Flügel gestutzt oder 'Ode an die Freude'


Wenn du wissen möchtest was an einem gestutzten Flügel ein Grund zur Freude sein soll, dann erfährst du es im nachfolgenden Beitrag.
Wenn einem Vogel die Flügel gestutzt werden, wie das in vielen Zoos passiert, um die Tiere in offenen Gehegen präsentieren, ohne dass sie davonfliegen können, dann handelt es sich eigentlich um eine Art Freiheitsberaubung. Aber ein gestutzter Flügel muss nicht immer etwas Negatives bedeuten. Der KÖML Tegetthoff wurden nämlich im März „Flügel verliehen“ – oder richtiger gesagt ein Stutzflügel geschenkt.
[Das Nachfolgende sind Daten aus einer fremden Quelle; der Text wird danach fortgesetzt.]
definition env_insert ::
    "(nat \<Rightarrow> trm \<Rightarrow> trm \<Rightarrow> bool) \<Rightarrow> nat \<Rightarrow> (trm \<Rightarrow> trm \<Rightarrow> bool) \<Rightarrow> nat \<Rightarrow> trm \<Rightarrow> trm \<Rightarrow> bool"
  where "env_insert \<gamma> k r = (\<lambda>i. if i < k then \<gamma> i else if i = k then r else \<gamma> (i - 1))"

lemma env_insert_0: "env_insert \<gamma> 0 r = case_nat r \<gamma>"
  by (rule ext) (auto simp: env_insert_def split: nat.split)

lemma case_nat_env_insert:
  "case_nat r' (env_insert \<gamma> k r) = env_insert (case_nat r' \<gamma>) (Suc k) r"
  by (rule ext) (auto simp: env_insert_def split: nat.split)

lemma interp_liftT: "interp (env_insert \<gamma> k r) (liftT S k) = interp \<gamma> S"
proof (induct S arbitrary: \<gamma> k)
  case (All S)
  then show ?case by (simp add: case_nat_env_insert)
qed (auto simp: env_insert_def)

lemma interp_substT: "interp \<gamma> (substT R S k) = interp (env_insert \<gamma> k (interp \<gamma> S)) R"
proof (induct R arbitrary: \<gamma> k S)
  case (All R)
  have "interp (case_nat r \<gamma>) (liftT S 0) = interp \<gamma> S" for r
    by (metis interp_liftT env_insert_0)
  with All show ?case by (simp add: case_nat_env_insert)
qed (auto simp: env_insert_def)

lemma interp_mono_pol:
  assumes "pol p k R" and "\<forall>i. i \<noteq> k \<longrightarrow> \<gamma> i = \<gamma>' i"
    and "if p then \<gamma> k \<le> \<gamma>' k else \<gamma>' k \<le> \<gamma> k"
  shows "interp \<gamma> R \<le> interp \<gamma>' R"
  using assms
proof (induct R arbitrary: p k \<gamma> \<gamma>')
  case (TV i)
  then show ?case by (cases "i = k") (auto split: if_splits)
next
  case (Arr R S)
  have "interp \<gamma>' R \<le> interp \<gamma> R"
    using Arr.hyps(1)[of "\<not> p" k \<gamma>' \<gamma>] Arr.prems by (auto split: if_splits)
  moreover have "interp \<gamma> S \<le> interp \<gamma>' S"
    using Arr.hyps(2)[of p k \<gamma> \<gamma>'] Arr.prems by auto
  ultimately show ?case by (auto simp: le_fun_def)
next
  case (All R)
  have "interp (case_nat r \<gamma>) R \<le> interp (case_nat r \<gamma>') R" for r
    using All.prems by (intro All.hyps[of p "Suc k"]) (auto split: nat.split)
  then show ?case by (auto simp: le_fun_def)
next
  case (Cnv R)
  then have "interp \<gamma> R \<le> interp \<gamma>' R" by simp
  then show ?case by (auto simp: le_fun_def)
next
  case (Cmp R S)
  have "interp \<gamma> R \<le> interp \<gamma>' R" "interp \<gamma> S \<le> interp \<gamma>' S"
    using Cmp.hyps(1)[of p k \<gamma> \<gamma>'] Cmp.hyps(2)[of p k \<gamma> \<gamma>'] Cmp.prems by simp_all
  then show ?case by (simp add: le_fun_def) blast
qed auto

lemma mono_interp_case_nat: "pol True 0 R \<Longrightarrow> mono (\<lambda>r. interp (case_nat r \<gamma>) R)"
  by (rule monoI, rule interp_mono_pol) (auto split: nat.split)

lemma interp_bullet:
  assumes "bclosed (interp \<gamma> S)"
  shows "interp \<gamma> (bullet u S) t t' \<longleftrightarrow> interp \<gamma> S (App u t) (App u t')"
proof
  assume "interp \<gamma> (bullet u S) t t'"
  then obtain m m' where "conv (App u t) m" "interp \<gamma> S m m'" "conv (App u t') m'"
    by (auto simp: bullet_def)
  then show "interp \<gamma> S (App u t) (App u t')"
    using assms bclosedD by blast
qed (simp add: bullet_def, blast intro: conv_refl)

lemma interp_Incl:
  assumes "bclosed (interp \<gamma> B)"
  shows "interp \<gamma> (Incl A B) t t' \<longleftrightarrow> interp \<gamma> A \<le> interp \<gamma> B"
proof -
  have "bclosed (interp \<gamma> (Arr A B))"
    using assms by (simp add: bclosed_arrow)
  then have "interp \<gamma> (Incl A B) t t' \<longleftrightarrow>
      interp \<gamma> (Arr A B) (App (App K_trm I_trm) t) (App (App K_trm I_trm) t')"
    unfolding Incl_def by (rule interp_bullet)
  then show ?thesis
    by (simp add: bclosed_iff[OF assms conv_KI_App conv_KI_App] le_fun_def)
qed

lemma interp_Impl:
  assumes "bclosed (interp \<gamma> B)"
  shows "interp \<gamma> (Impl A B) t t' \<longleftrightarrow> ((\<exists>a a'. interp \<gamma> A a a') \<longrightarrow> interp \<gamma> B t t')"
proof -
  have "bclosed (interp \<gamma> (Arr A B))"
    using assms by (simp add: bclosed_arrow)
  then have "interp \<gamma> (Impl A B) t t' \<longleftrightarrow>
      interp \<gamma> (Arr A B) (App (K_trm) t) (App (K_trm) t')"
    unfolding Impl_def by (rule interp_bullet)
  then show ?thesis
    by (simp add: bclosed_iff[OF assms conv_K_App conv_K_App])
qed

lemma interp_Equi:
  assumes "bclosed (interp \<gamma> A)" and "bclosed (interp \<gamma> B)"
  shows "interp \<gamma> (Equi A B) t t' \<longleftrightarrow> interp \<gamma> A = interp \<gamma> B"
  using assms by (auto simp: Equi_def interp_Incl)

lemma interp_RecT:
  "interp \<gamma> (RecT R) = Inf {r. bclosed r \<and> interp (case_nat r \<gamma>) R \<le> r}"
  by (fastforce simp: RecT_def interp_Impl interp_Incl le_fun_def)

lemma fvs_RecT: "fvs (RecT R) = fvs (All R)"
  by (auto simp: RecT_def Impl_def Incl_def bullet_def)
lemma advloss_le_regularized_loss:
  assumes q: "1 \<le> q" and lam: "pnorm (dual_exp q) \<beta> \<le> lam"
  shows "advloss p \<alpha> \<beta> x y \<le> regularized_loss p \<alpha> \<beta> \<kappa> lam (x', y') + lam * xi_dist q \<kappa> (x, y) (x', y')"
proof -
  have "advloss p \<alpha> \<beta> x y \<le> advloss p \<alpha> \<beta> x' y + lam * pnorm q (x - x')"
    using advloss_le_add_pnorm[OF q, of p \<alpha> \<beta> x y x'] mult_right_mono[OF lam pnorm_nonneg[of q "x - x'"]]
    by linarith
  then show ?thesis
    by (cases "y = y'") (auto simp: regularized_loss_def xi_dist_def algebra_simps)
qed

lemma continuous_on_lab [continuous_intros]:
  "continuous_on UNIV f \<Longrightarrow> continuous_on S (\<lambda>x. lab (f x))"
  by (rule continuous_on_subset[of UNIV], rule continuous_on_compose2[of UNIV lab UNIV f]) auto

lemma pnorm_measurable [measurable]: "pnorm p \<in> borel_measurable (borel :: (real^'n::finite) measure)"
  unfolding pnorm_def by measurable

lemma advloss_measurable:
  "(\<lambda>\<xi>::(real^'n::finite) \<times> bool. advloss p \<alpha> \<beta> (fst \<xi>) (f (snd \<xi>))) \<in> borel_measurable borel"
proof (rule borel_measurable_continuous_onI)
  show "continuous_on UNIV (\<lambda>\<xi>::(real^'n) \<times> bool. advloss p \<alpha> \<beta> (fst \<xi>) (f (snd \<xi>)))"
    unfolding advloss_def using one_add_exp_pos
    by (intro continuous_intros continuous_on_ln continuous_on_compose2[of UNIV f UNIV snd])
      (auto simp: less_imp_neq[symmetric])
qed

lemma xi_dist_measurable [measurable]:
  "(\<lambda>z::((real^'n::finite) \<times> bool) \<times> ((real^'n) \<times> bool). xi_dist q \<kappa> (fst z) (snd z)) \<in> borel_measurable borel"
proof -
  have "(\<lambda>z::((real^'n) \<times> bool) \<times> ((real^'n) \<times> bool). fst (fst z) - fst (snd z)) \<in> borel_measurable borel"
    by (rule borel_measurable_continuous_onI) (intro continuous_intros)
  from measurable_compose[OF this pnorm_measurable]
  have features: "(\<lambda>z::((real^'n) \<times> bool) \<times> ((real^'n) \<times> bool). pnorm q (fst (fst z) - fst (snd z)))
      \<in> borel_measurable borel"
    by (simp add: o_def)
  have labels: "(\<lambda>z::((real^'n) \<times> bool) \<times> ((real^'n) \<times> bool). \<kappa> * (\<bar>lab (snd (fst z)) - lab (snd (snd z))\<bar> / 2))
      \<in> borel_measurable borel"
    by (rule borel_measurable_continuous_onI) (intro continuous_intros, auto)
  have indicator: "(if a \<noteq> b then 1 else 0) = \<bar>lab a - lab b\<bar> / (2::real)" for a b
    by (simp add: lab_def)
  show ?thesis unfolding xi_dist_def indicator using borel_measurable_add[OF features labels] .
qed

lemma regularized_loss_measurable [measurable]:
  "regularized_loss p \<alpha> \<beta> \<kappa> lam \<in> borel_measurable (borel :: ((real^'n::finite) \<times> bool) measure)"
  using borel_measurable_max[OF borel_measurable_diff[OF advloss_measurable[of p \<alpha> \<beta> Not]]
      advloss_measurable[of p \<alpha> \<beta> "\<lambda>y. y"]]
  unfolding regularized_loss_def[abs_def] by (simp add: max.commute)

lemma fst_borel_measurable [measurable]: "fst \<in> borel_measurable (borel :: ('a::topological_space \<times> 'b::topological_space) measure)"
  by (rule borel_measurable_continuous_onI) (intro continuous_intros)

lemma snd_borel_measurable [measurable]: "snd \<in> borel_measurable (borel :: ('a::topological_space \<times> 'b::topological_space) measure)"
  by (rule borel_measurable_continuous_onI) (intro continuous_intros)

lemma ennreal_average:
  assumes "0 < N" and "\<And>i. i < N \<Longrightarrow> 0 \<le> f i"
  shows "(\<Sum>i<N. ennreal (f i)) / of_nat N = ennreal ((\<Sum>i<N. f i) / real N)"
proof -
  have "(\<Sum>i<N. ennreal (f i)) = ennreal (\<Sum>i<N. f i)"
    using assms(2) by (intro sum_ennreal) auto
  then show ?thesis
    using assms by (simp add: ennreal_of_nat_eq_real_of_nat) (subst divide_ennreal, auto intro: sum_nonneg)
qed

lemma ennreal_add_mult_INF:
  fixes f :: "'i \<Rightarrow> ennreal"
  assumes "I \<noteq> {}"
  shows "a + ennreal c * (INF i\<in>I. f i) = (INF i\<in>I. a + ennreal c * f i)"
proof -
  have "continuous_on UNIV (\<lambda>x. a + ennreal c * x)"
    by (intro continuous_intros ennreal_continuous_on_cmult) auto
  then have "(\<lambda>x. a + ennreal c * x) (Inf (f ` I)) = Inf ((\<lambda>x. a + ennreal c * x) ` f ` I)"
    using assms by (intro continuous_at_Inf_mono)
      (auto intro!: monoI add_left_mono mult_left_mono continuous_on_imp_continuous_within)
  then show ?thesis by (simp add: image_comp)
qed

lemma ennreal_mult_add_mult:
  assumes "0 \<le> a" "0 \<le> b" "0 \<le> p" "0 \<le> q"
  shows "ennreal a * ennreal p + ennreal b * ennreal q = ennreal (p * a + q * b)"
  using assms by (simp add: ennreal_plus ennreal_mult mult.commute)

lemma ennreal_le_add_ennreal:
  assumes "x \<le> y + d" and "0 \<le> d"
  shows "ennreal x \<le> ennreal y + ennreal d"
proof (cases "0 \<le> y")
  case True
  with assms have "ennreal x \<le> ennreal (y + d)" by (intro ennreal_leI)
  with True assms show ?thesis by (simp add: ennreal_plus)
next
  case False
  with assms have "ennreal x \<le> ennreal d" by (intro ennreal_leI) simp
  then show ?thesis by (simp add: add_increasing)
qed

section \<open>Discrete distributions as Borel measures\<close>

definition borel_of_pmf :: "'a pmf \<Rightarrow> ('a::topological_space) measure" where
  "borel_of_pmf \<mu> = distr (measure_pmf \<mu>) borel id"

lemma sets_borel_of_pmf [simp]: "sets (borel_of_pmf \<mu>) = sets borel"
  by (simp add: borel_of_pmf_def)

lemma prob_space_borel_of_pmf: "prob_space (borel_of_pmf \<mu>)"
  unfolding borel_of_pmf_def by (intro prob_space.prob_space_distr measure_pmf.prob_space_axioms) simp

lemma nn_integral_borel_of_pmf:
  "f \<in> borel_measurable borel \<Longrightarrow> (\<integral>\<^sup>+x. f x \<partial>borel_of_pmf \<mu>) = (\<integral>\<^sup>+x. f x \<partial>measure_pmf \<mu>)"
  unfolding borel_of_pmf_def by (subst nn_integral_distr) simp_all

lemma distr_borel_of_pmf:
  assumes "g \<in> borel_measurable borel"
  shows "distr (borel_of_pmf \<mu>) borel g = borel_of_pmf (map_pmf g \<mu>)"
proof -
  have "distr (borel_of_pmf \<mu>) borel g = distr (measure_pmf \<mu>) borel g"
    unfolding borel_of_pmf_def by (subst distr_distr[OF assms]) simp_all
  also have "\<dots> = distr (distr (measure_pmf \<mu>) (count_space UNIV) g) borel id"
    by (subst distr_distr) auto
  finally show ?thesis unfolding borel_of_pmf_def map_pmf_rep_eq .
qed

definition empirical_pmf :: "nat \<Rightarrow> (nat \<Rightarrow> real ^ 'n::finite) \<Rightarrow> (nat \<Rightarrow> bool) \<Rightarrow> ((real^'n) \<times> bool) pmf" where
  "empirical_pmf N X Y = map_pmf (\<lambda>i. (X i, Y i)) (pmf_of_set {..<N})"

lemma empirical_eq_borel_of_pmf:
  fixes X :: "nat \<Rightarrow> real^'n::finite"
  assumes "0 < N"
  shows "empirical N X Y = borel_of_pmf (empirical_pmf N X Y)"
proof -
  have "borel_of_pmf (empirical_pmf N X Y) = measure_of UNIV (sets borel) (emeasure (borel_of_pmf (empirical_pmf N X Y)))"
    using measure_of_of_measure[of "borel_of_pmf (empirical_pmf N X Y)"] by (simp add: borel_of_pmf_def)
  also have "\<dots> = empirical N X Y" unfolding empirical_def
  proof (rule measure_of_eq)
    fix A assume "A \<in> sigma_sets UNIV (sets (borel :: ((real^'n) \<times> bool) measure))"
    then have A: "A \<in> sets (borel :: ((real^'n) \<times> bool) measure)"
      using sets.sigma_sets_eq[of "borel :: ((real^'n) \<times> bool) measure"] by simp
    have "emeasure (borel_of_pmf (empirical_pmf N X Y)) A
        = emeasure (measure_pmf (pmf_of_set {..<N})) ((\<lambda>i. (X i, Y i)) -` A)"
      unfolding borel_of_pmf_def empirical_pmf_def using A by (subst emeasure_distr) auto
    also have "\<dots> = ennreal (real (card ({..<N} \<inter> (\<lambda>i. (X i, Y i)) -` A)) / real N)"
      using \<open>0 < N\<close> by (subst emeasure_pmf_of_set) auto
    also have "{..<N} \<inter> (\<lambda>i. (X i, Y i)) -` A = {i. i < N \<and> (X i, Y i) \<in> A}" by auto
    finally show "emeasure (borel_of_pmf (empirical_pmf N X Y)) A
        = ennreal (real (card {i. i < N \<and> (X i, Y i) \<in> A}) / real N)" .
  qed auto
  finally show ?thesis by simp
qed
lemma branching_cost_bound_nonneg:
  assumes "is_metric_on V c" "finite V" "is_branching V r B" "v \<in> bverts r B"
  shows "0 \<le> 2 * arcs_cost c B - c r v"
  using metric_le_branching_cost[OF assms] arcs_cost_nonneg[OF assms(1) branching_subset_dedges[OF assms(3)]]
  by simp

lemma euler_walk_cost:
  assumes m: "is_metric_on V c" and "finite B" "B \<subseteq> dedges V" "A \<subseteq> B"
    and W: "mset (walk_arcs W) = mset_set B + mset_set (prod.swap ` (B - A))"
  shows "path_cost c W = 2 * arcs_cost c B - arcs_cost c A"
proof -
  have "path_cost c W = arcs_cost c B + arcs_cost c (prod.swap ` (B - A))"
    unfolding path_cost_eq_sum_mset W arcs_cost_def using \<open>finite B\<close>
    by (simp add: sum_unfold_sum_mset)
  also have "arcs_cost c (prod.swap ` (B - A)) = arcs_cost c (B - A)"
    using assms by (intro arcs_cost_swap[OF m]) auto
  also have "\<dots> = arcs_cost c B - arcs_cost c A"
    using assms by (simp add: arcs_cost_def sum_diff)
  finally show ?thesis by simp
qed

lemma path_of_branching_walk:
  assumes "finite V" and br: "is_branching V r B" and "path_of_branching r v B P"
  obtains W where "set W \<subseteq> V" "subseq P W" "set P = set W"
    "mset (walk_arcs W) = mset_set B + mset_set (prod.swap ` (B - path_arcs B v))"
proof -
  obtain W where W: "W \<noteq> []" "hd W = r" "subseq P W" "set P = set W"
    and arcs: "mset (walk_arcs W) = mset_set B + mset_set (prod.swap ` (B - path_arcs B v))"
    using assms(3) unfolding path_of_branching_def by blast
  have "set (walk_arcs W) = B \<union> prod.swap ` (B - path_arcs B v)"
    using arg_cong[OF arcs, of set_mset] finite_branching[OF \<open>finite V\<close> br] by simp
  also have "\<dots> \<subseteq> dedges V"
    using branching_subset_dedges[OF br] swap_image_dedges[of "B - path_arcs B v" V] by blast
  finally have "set W \<subseteq> V"
    using set_walk_subset W(1,2) branching_root[OF br] by blast
  then show thesis
    using that W(3,4) arcs by blast
qed

lemma path_of_branching_subset:
  "finite V \<Longrightarrow> is_branching V r B \<Longrightarrow> path_of_branching r v B P \<Longrightarrow> set P \<subseteq> V"
  by (metis path_of_branching_walk)

lemma path_of_branching_cost_le:
  assumes m: "is_metric_on V c" and "finite V" and br: "is_branching V r B"
    and v: "v \<in> bverts r B" and P: "path_of_branching r v B P"
  shows "path_cost c P \<le> 2 * arcs_cost c B - c r v"
proof -
  obtain W where W: "set W \<subseteq> V" "subseq P W"
    and arcs: "mset (walk_arcs W) = mset_set B + mset_set (prod.swap ` (B - path_arcs B v))"
    by (rule path_of_branching_walk[OF \<open>finite V\<close> br P])
  have "path_cost c P \<le> path_cost c W"
    using path_cost_subseq_le[OF m W(2,1)] .
  also have "\<dots> = 2 * arcs_cost c B - arcs_cost c (path_arcs B v)"
    by (rule euler_walk_cost[OF m finite_branching[OF \<open>finite V\<close> br]
          branching_subset_dedges[OF br] _ arcs]) (auto simp: path_arcs_def)
  also have "\<dots> \<le> 2 * arcs_cost c B - c r v"
    using metric_le_path_arcs_cost[OF m \<open>finite V\<close> br v] by simp
  finally show ?thesis .
qed
(* Let $a\ge7$ be an odd integer and $M_a=(4,6,a,a+2)$. Then $$I_{M_a}=\mathrm{rad}\big(x_2^{a-2}-x_1^{a-4}x_4^2,\;x_3^{a-2}-x_1^2x_4^{a-4},\;x_1x_4-x_2x_3,\;x_1^{a+2}-x_4^4,\;x_4^2-x_1x_3^2\big)$$ in $K[x_1,x_2,x_3,x_4]$, for any field $K$.
   Context: For a $1\times n$ integer row matrix $M=(a_1,\dots,a_n)$ (positive entries), the toric ideal $I_M\subseteq K[x_1,\dots,x_n]$ is the kernel of $K[x_1,\dots,x_n]\to K[t]$, $x_i\mapsto t^{a_i}$ (the ideal of the monomial curve $(t^{a_1},\dots,t^{a_n})$). *)

theory Defs
  imports "HOL-Library.Poly_Mapping" "HOL-Computational_Algebra.Polynomial"
begin

datatype var = X1 | X2 | X3 | X4

type_synonym 'k mpoly4 = "(var \<Rightarrow>\<^sub>0 nat) \<Rightarrow>\<^sub>0 'k"

definition Var :: "var \<Rightarrow> 'k::comm_ring_1 mpoly4" where
  "Var v = Poly_Mapping.single (Poly_Mapping.single v 1) 1"

definition gen_ideal :: "'r::comm_ring_1 set \<Rightarrow> 'r set" where
  "gen_ideal G = {p. \<exists>c. p = (\<Sum>g\<in>G. c g * g)}"

definition radical :: "'r::comm_ring_1 set \<Rightarrow> 'r set" where
  "radical I = {p. \<exists>n. p ^ n \<in> I}"

text \<open>The K-algebra map K[x1..x4] -> K[t], x_i |-> t^(w x_i).\<close>
definition monomial_subst :: "(var \<Rightarrow> nat) \<Rightarrow> 'k::comm_ring_1 mpoly4 \<Rightarrow> 'k poly" where
  "monomial_subst w p =
     (\<Sum>m\<in>Poly_Mapping.keys p. monom (Poly_Mapping.lookup p m)
        (\<Sum>v\<in>{X1, X2, X3, X4}. Poly_Mapping.lookup m v * w v))"
(* Let $\boldsymbol{\mathcal{G}}=(\mathcal{V},\boldsymbol{\mathcal{E}},\mu(\cdot))$ be a stochastic digraph with vertex set $\mathbb{Z}_n=\{1,\dots,n\}$, edge sets $\mathcal{E}_1,\dots,\mathcal{E}_h$, and out-neighborhood map $H(x,w)=\{y\in\mathbb{Z}_n:(x,y)\in\mathcal{E}_w\}$, and assume that there is no pair $(i,w)\in\mathbb{Z}_n\times\mathbb{Z}_h$ with $\mu(\{w\})>0$ and $H(i,w)=\emptyset$. Let $\boldsymbol{x}$ be a stochastic directed path of $\boldsymbol{\mathcal{G}}$, i.e., $\boldsymbol{x}\in\mathcal{S}(x)$ for some $x\in\mathbb{Z}_n$. For $i,j\in\mathbb{Z}_n$ define $$\ell_{i,j}:=\sum_{s\in\{w\in\mathbb{Z}_h:\,H(i,w)=\{j\}\}}\mu(\{s\})\in[0,1],\qquad m_{i,j}:=\sum_{s\in\{w\in\mathbb{Z}_h:\,H(i,w)\cap\{j\}\neq\emptyset\}}\mu(\{s\})\in[0,1].$$ Then, for each $i,j\in\mathbb{Z}_n$ (and each time $k$), $$\ell_{i,j}\leqslant \mathbb{P}(\boldsymbol{x}_{k+1}=j\mid \boldsymbol{x}_k=i)\leqslant m_{i,j},$$ i.e., $\ell_{i,j}$ and $m_{i,j}$ are a lower and an upper bound, respectively, on the transition probability from node $i$ to node $j$.
   Context: A stochastic digraph is a triple $\boldsymbol{\mathcal{G}}=(\mathcal{V},\boldsymbol{\mathcal{E}},\mu(\cdot))$ where $\mathcal{V}=\mathbb{Z}_n$, $\boldsymbol{\mathcal{E}}=\{\mathcal{E}_s\}_{s=1}^h$ ($h<\infty$) with each $\mathcal{E}_s\subset\mathbb{Z}_n\times\mathbb{Z}_n$, and $\mu$ is the common distribution of an i.i.d. sequence of random variables $\boldsymbol{w}_k:\Omega\to\mathbb{Z}_h=\{1,\dots,h\}$, $k\in\mathbb{Z}_{\geqslant0}$, on a probability space $(\Omega,\mathcal{F},\mathbb{P})$: $\mu(F)=\mathbb{P}(\boldsymbol{w}_k\in F)$ for $F\subset\mathbb{Z}_h$. A sequence $\{(\phi_k,w_k)\}_{k=0}^K$ is a regular directed path starting at $x$ if $\phi_0=x$ and $\phi_{k+1}\in H(\phi_k,w_k)$ for $k=0,\dots,K-1$. A stochastic directed path from $x$ is a map $\omega\mapsto\{\boldsymbol{x}_k(\omega)\}_{k=0}^{\boldsymbol{K}(\omega)}$, with $\boldsymbol{K}:\Omega\to\mathbb{Z}_{\geqslant0}\cup\{\infty\}$ a random variable, such that (path-wise feasibility) for each $\omega$, $\{(\boldsymbol{x}_k(\omega),\boldsymbol{w}_k(\omega))\}_{k=0}^{\boldsymbol{K}(\omega)}$ is a regular directed path from $x$, and (causal measurability) for each $k$, $\omega\mapsto\boldsymbol{x}_{k+1}(\omega)$ is $\mathcal{F}_k$-measurable, where $(\mathcal{F}_k)_k$ is the minimal filtration generated by $\boldsymbol{w}$ (i.e., $\mathcal{F}_k=\sigma(\boldsymbol{w}_0,\dots,\boldsymbol{w}_k)$). A stochastic directed path is maximal if it cannot be extended; $\mathcal{S}(x)$ denotes the set of maximal stochastic directed paths from $x$. *)

theory Defs
  imports "HOL-Probability.Probability"
begin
Dieses prachtvolle Stück verdanken wir Frau RegR Karin Kantz und ihrem Gatten.
Zuerst war ich mehr als skeptisch, als Bb Ivo von einem Klavier berichtete, das eine liebe Kollegin von ihm der Verbindung zur Verfügung stellen wolle. Der Transport, die klimatischen Bedingungen auf der Bude und zuletzt der Mangel an einem geeigneten Kistenschinder zeigten mehr Probleme auf als Vorteile ersichtlich waren.
Zur Anlieferung standen drei Wege zur Auswahl: Durch den Draschepark direkt in den Garten hinter der Bude und beim Notausgang hinein. Ein Lokalaugenschein zeigte aber sehr rasch, dass dieser Weg zwar gangbar wäre, allein der Garten wäre komplett zertrampelt worden, was natürlich die Nachbarn nicht sehr für uns eingenommen hätte. Eine weitere Variante wäre von der Blechturmgasse über die Carolinenbude und ab durch den Keller. Das Winkelwerk im Vorraum zum Keller erwies sich aber als zu eng, um den Flügel dort durch zu manövrieren. Blieb nur die Möglichkeit, das gute Stück durch den Hauseingang hinauf ins Parterre, dann hinunter in den Keller und von dort auf die Bude zu tragen. Letztere wurde dann auch von den 'Lieferanten' (Spezialspedition Klavierpolizei) gewählt. Zwei starke Männer und ein Lehrbub brachten das zerlegte Klavier in Null komma nix an seinen Bestimmungsplatz. Die drei Beine und die Pedale wurden noch montiert und in weniger als einer viertel Stunde war der Spuk zu einem perfekten Ende gekommen.
Bei dem Klavier handelt es sich nicht um irgendein x-beliebiges Instrument, sondern um ein Fabrikat des Herstellers Carl Dörr mit (ehemals) Sitz in Wien 4, Mittersteig. Wie aus der schönen Beschriftung auf der Tastaturdeckel-Innenseite, welche zusätzlich mit einem Doppeladler und einem Wappen verziert ist, hervorgeht, war die Wiener Klavierfabrik Dörr k.& k. Hof-Lieferant und 'Kammerlieferant Ihrer k. & k. Hoheit der Frau Erzherzogin Maria Immaculata'. Zur Information: Maria Immaculata Clementina (* 14. April 1844 in Neapel; † 18. Februar 1899 in Wien) war eine geborene Prinzessin von Bourbon-Sizilien und durch Heirat Erzherzogin von Österreich-Toskana. Maria Immaculata heiratete am 19. September 1861 in Rom ihren Cousin 1. Grades Erzherzog Karl Salvator von Österreich-Toskana, Sohn von Leopold II., Großherzog der Toskana und Maria Antonia, Prinzessin von Bourbon und beider Sizilien.
Der Stutzflügel passt also wie angegossen zu unserer Tegetthoff als Landsmannschaft. Soweit ich bisher erkennen konnte, ist das Klavier vom Design her Jugendstil. Laut Auskunft der Spediteure hat es einen Gusseisenrahmen und einen soliden Holzkörper. Meine Bedenken bezüglich klimatischer Unbillen wurden entkräftet, 12 – 25°C sollten dem guten Stück nichts anhaben können, zu vermeiden wäre jedoch hohe Luftfeuchtigkeit und eine Temperatur unter 10°C.
Ich hoffe daher, dass sich der Aufwand gelohnt hat und dass wir noch viele schöne und vor allem klangvolle Stunden haben werden.